40. A method as claimed in any one of claims 1 to 22, or 37 to 39, wherein prior to said the step of installing said DAB application components, said mobile communications device determines what resources controlled by the operating system of the mobile communications device are required to complete the installation, and if not available, requests the operating system of the mobile communications device to reallocate resources utilised by other applications to enable said installation process to proceed.

41. A method as claimed in any one of claims 1 to 22, or 37 to 39, wherein during said the step of installing said DAB application components, said mobile communications device determines what resources controlled by the operating system of the mobile communications device are required to complete the installation, and if not available, requests the operating system of the mobile communications device to reallocate resources utilised by other applications to enable said installation process to proceed.

42. A method as claimed in any one of claims 40 or 41, wherein if sufficient resources are not made available following said request for more resources, the installation process is terminated.

43. A method as claimed in any one of claims 40 to 42, wherein the user of the mobile communications device is alerted to one or more characteristics of the resource conflict between the installation process and other applications running on said operating system, and said alert is arranged to prompt the user to selectively terminate one or more other applications or the installation process.

44. A method as claimed in any one of claims 1 to 22, and 40 to 43, wherein one DAB application component comprises a component related to a characteristic of an electronic programme guide for bearer content received by said DAB application from a DAB receiver module of said mobile communications device.

45. A mobile communications device comprising: pre-installed receiver hardware for the reception of digitally broadcast signals, said receiver hardware being pre-installed in a form unable to play received signals on said communications device; and * means to install one or more components of an application on said mobile communications device, the installed application enabling the play of a selected received signal on said mobile communications device.

46. A mobile communications device as claimed in claim 45, further comprising: means to receive one or more additional components of an application, whereby said one or more additional components enable play of a received signal previously not playable on said mobile communications device.

47. A mobile communications device as claimed in claim 45, wherein the installed application activates and control said pre- installed receiver hardware to enable play of a selected signal.

48. A mobile communications device as claimed in any previous one of claims 45 to 46, wherein said one or more components are provided by a remote server and are downloaded to said mobile communications device.
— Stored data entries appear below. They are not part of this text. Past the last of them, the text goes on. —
lemma (in comm_group) tor_dual_order:
  assumes "f \<in> tor_dual G"
  shows "\<exists>n>0. (\<forall>p. prime p \<longrightarrow> p dvd n \<longrightarrow> p \<notin> divisible_primes G)
    \<and> (\<forall>x\<in>carrier G. of_nat n * f x \<in> \<int>)"
proof -
  have f: "f \<in> pontryagin_dual G" using assms unfolding tor_dual_def by simp
  obtain N where N: "N > 0" "\<forall>x\<in>carrier G. of_nat N * f x \<in> \<int>"
    using assms unfolding tor_dual_def by auto
  obtain s t where st: "N = s * t" and s: "\<And>p. prime p \<Longrightarrow> p dvd s \<Longrightarrow> p \<in> divisible_primes G"
    and t: "\<And>p. prime p \<Longrightarrow> p dvd t \<Longrightarrow> p \<notin> divisible_primes G"
    using prime_factors_split[OF N(1)] by metis
  have "s > 0" "t > 0" using st N(1) by auto
  have "of_nat t * f x \<in> \<int>" if x: "x \<in> carrier G" for x
  proof -
    obtain y where y: "y \<in> carrier G" "y [^] s = x"
      using divisible_by_prime_factors[OF \<open>s > 0\<close> s x] unfolding divisible_by_def by blast
    have "of_nat t * f x = of_nat t * (f (y [^] s) - of_nat s * f y) + of_nat N * f y"
      using y st by (simp add: algebra_simps)
    also have "\<dots> \<in> \<int>"
      using pontryagin_dual_nat_pow[OF f y(1)] N(2) y(1) by (simp add: Ints_add Ints_mult)
    finally show ?thesis .
  qed
  then show ?thesis using \<open>t > 0\<close> t by blast
qed

context torsion_free_rank_le_one
begin

lemma tor_dual_subset_dual_map_image:
  assumes \<xi>: "zhat_hom L \<xi>" and nz: "nonzero_mod_primes L \<xi>"
  shows "tor_dual L \<subseteq> dual_map L \<xi> ` mu_S (divisible_primes L)"
proof
  fix f assume "f \<in> tor_dual L"
  then have f: "f \<in> pontryagin_dual L" unfolding tor_dual_def by simp
  obtain n where n: "n > 0" and S: "\<forall>p. prime p \<longrightarrow> p dvd n \<longrightarrow> p \<notin> divisible_primes L"
    and int: "\<forall>x\<in>carrier L. of_nat n * f x \<in> \<int>"
    using tor_dual_order[OF \<open>f \<in> tor_dual L\<close>] by blast
  obtain g where g: "nondivisible_at L n g"
    using exists_nondivisible_at[OF n] S by blast
  have "coprime (\<xi> g n) (int n)"
    using nonzero_mod_primes_coprime[OF \<xi> nz g n dvd_refl n] S by blast
  then obtain c where c: "\<forall>x\<in>carrier L. int n dvd \<lfloor>of_nat n * f x\<rfloor> - c * \<xi> x n"
    using hom_mod_proportional[OF zhat_hom_component_hom_mod[OF \<xi> n]
        hom_mod_floor_pontryagin_dual[OF f int] g n] by blast
  have "\<forall>q\<in>divisible_primes L. coprime q n"
    using S prime_imp_coprime unfolding divisible_primes_def by blast
  then show "f \<in> dual_map L \<xi> ` mu_S (divisible_primes L)"
    using pontryagin_dual_eq_dual_map[OF \<xi> f n int c] mod_div_in_mu_S[OF n] by blast
qed
lemma bij_betw_dual_map_iff_nonzero_mod_primes:
  assumes \<xi>: "zhat_hom L \<xi>"
  shows "bij_betw (dual_map L \<xi>) (mu_S (divisible_primes L)) (tor_dual L)
    \<longleftrightarrow> nonzero_mod_primes L \<xi>"
proof
  assume "bij_betw (dual_map L \<xi>) (mu_S (divisible_primes L)) (tor_dual L)"
  then show "nonzero_mod_primes L \<xi>"
    using inj_on_dual_map_imp_nonzero_mod_primes[OF \<xi>] unfolding bij_betw_def by blast
next
  assume nz: "nonzero_mod_primes L \<xi>"
  show "bij_betw (dual_map L \<xi>) (mu_S (divisible_primes L)) (tor_dual L)"
    unfolding bij_betw_def
    using nonzero_mod_primes_imp_inj_on_dual_map[OF \<xi> nz] dual_map_in_tor_dual[OF \<xi>]
      tor_dual_subset_dual_map_image[OF \<xi> nz] by blast
qed

end

theorem proposition8p9:
  fixes L :: "('a, 'b) monoid_scheme" and \<xi> :: "'a \<Rightarrow> nat \<Rightarrow> int"
  assumes "torsion_free_rank1 L"
    and "zhat_hom L \<xi>"
  shows "zhat_generates L \<xi> \<longleftrightarrow>
    (bij_betw (dual_map L \<xi>) (mu_S (divisible_primes L)) (tor_dual L)
     \<and> (\<forall>r\<in>mu_S (divisible_primes L). \<forall>s\<in>mu_S (divisible_primes L).
          dual_map L \<xi> (qz_add r s) = dual_add L (dual_map L \<xi> r) (dual_map L \<xi> s)))"
proof -
  interpret torsion_free_rank_le_one L
    using assms(1) by (rule torsion_free_rank1_imp_rank_le_one)
  show ?thesis
    using zhat_generates_iff_nonzero_mod_primes[OF assms(2)]
      bij_betw_dual_map_iff_nonzero_mod_primes[OF assms(2)] dual_map_qz_add[OF assms(2)]
    by blast
qed

end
49. A method of enabling a mobile communications device to play a received signal, the mobile communications device comprising pre-installed receiver hardware for the reception of digitally broadcast signals, said receiver hardware being pre-installed in a form unable to play said received signal on said communications device, the method comprising: determining that said received signal is not playable on said device; generating a request for means to play said signal on said device, said means comprising one or more components of an application whose installation on said mobile communications device will enable said received signal to be played on said device; receiving said one or more components; -installing said one or more components on said mobile communications device, whereby the installed application enables the play of said received said communications device.

50. A method as claimed in claim 49, wherein in said step of generating a request, said request is sent to a remote server which processes information provided in said request to determine which one or more components will enable said received signal to be played on said device.

51. A method as claimed in claim 49, wherein in said step of generating a request, said request is sent to a remote server containing an indication of which one or more components will enable said received signal to be played on said device.